Юлия Слонимская была одновременно близким другом Николая Недоброво и приятельницей Анны Ахматовой. Свой последний вечер она провела с ней. Слонимская ехала в Крым, где должна была повидаться с Недоброво, и Анна Андреевна передала с ней экземпляр своего третьего сборника «Белая стая» (1917), как сказала, «для редактирования» – хотя всем было хорошо известно, что ее тексты редактировал исключительно Михаил Лозинский. Книжку Ахматова зашила в парчовый мешочек, возможно, в оставшийся кусок парчи, в который она несколько лет назад зашила поэму Бориса Анрепа «Физа», оставленную ей перед его отъездом в действующую армию.
А быть может, то было напоминание о парчовой занавеске, висевшей над окном кабинета Недоброво в Петербурге и в солнечные дни отбрасывающей на стену тень его тонкого профиля. Все отмечали, что силуэт Недоброво был необычайно красив, – и он специально «повесил в кабинете, где принимал гостей, сбоку от рабочего стола, парчовую занавеску, на которую падало отражение его профиля» (Там же. С. 234).
Рассказывали об уникальной коллекции кружев, которые он собирал и редко кому показывал. На вопрос знакомых о значении для него этой раритетной коллекции Ахматова резко отвечала, что никогда ее не видела. Как можно полагать, Анне Андреевне, с ее сильным характером, не импонировала эта прихоть ее изнеженного друга.
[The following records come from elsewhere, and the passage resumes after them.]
(* Let $\alpha=(\alpha_1,\dots,\alpha_r)\in\mathbb{T}^r$, $D=\{\alpha_1,\dots,\alpha_r\}$, and suppose $\Lambda(\alpha)$ has a generating set (as a group) in which every generator has even coordinate sum. Then $\mathrm{Md}_{\mathbb{T}}(D)=1/2$. Moreover, if $\alpha\notin\mathbb{Q}^r$ (modulo 1), then no Borel set $A\subset\mathbb{T}$ with $(A-A)\cap D=\emptyset$ satisfies $\mu(A)=1/2$.
   Context: $\mathbb{T}=\mathbb{R}/\mathbb{Z}$ with Haar probability measure $\mu$. $\Lambda(\alpha)=\{n\in\mathbb{Z}^r: n_1\alpha_1+\cdots+n_r\alpha_r=0\text{ in }\mathbb{T}\}$. $\mathrm{Md}_{\mathbb{T}}(D)=\sup\{\mu(A): A\subset\mathbb{T}\text{ Borel},\ (A-A)\cap D=\emptyset\}$. *)

theory Defs
  imports "HOL-Analysis.Analysis"
begin

text \<open>The circle T = R/Z is modelled by the fundamental domain [0,1) with Lebesgue
  (Borel) measure, which is the Haar probability measure.  A point alpha of T^r is given
  by real representatives alpha 0, ..., alpha (r-1); everything below only depends on them mod 1.\<close>

definition diff_avoids :: "nat \<Rightarrow> (nat \<Rightarrow> real) \<Rightarrow> real set \<Rightarrow> bool" where
  "diff_avoids r \<alpha> A \<longleftrightarrow> (\<forall>x\<in>A. \<forall>y\<in>A. \<forall>i<r. x - y - \<alpha> i \<notin> \<int>)"

definition Md_T :: "nat \<Rightarrow> (nat \<Rightarrow> real) \<Rightarrow> real" where
  "Md_T r \<alpha> = Sup {measure lborel A | A. A \<in> sets borel \<and> A \<subseteq> {0..<1} \<and> diff_avoids r \<alpha> A}"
Начало прошлого века, особенно его серебряная ветвь, при всей рафинированности примыкавшей к ней публики, сочетало изысканность с демократичностью и свободой нравов. Аристократы нередко стыдились своей аристократичности или, во всяком случае, не придавали ей значения. Тем более поразило Бориса Анрепа бракосочетание Николая Недоброво с Любовью Ольхиной. Торжественный прием проходил в Михайловском дворце. По обе стороны парадной лестницы стояли лакеи в одежде XVIII века. Наверху новобрачные принимали приглашенных. Возможно, в подсознании Недоброво оставались воспоминания о харьковском Михайловском дворце, где жили Анрепы и куда его не велено было приглашать в свое время Прасковьей Михайловной.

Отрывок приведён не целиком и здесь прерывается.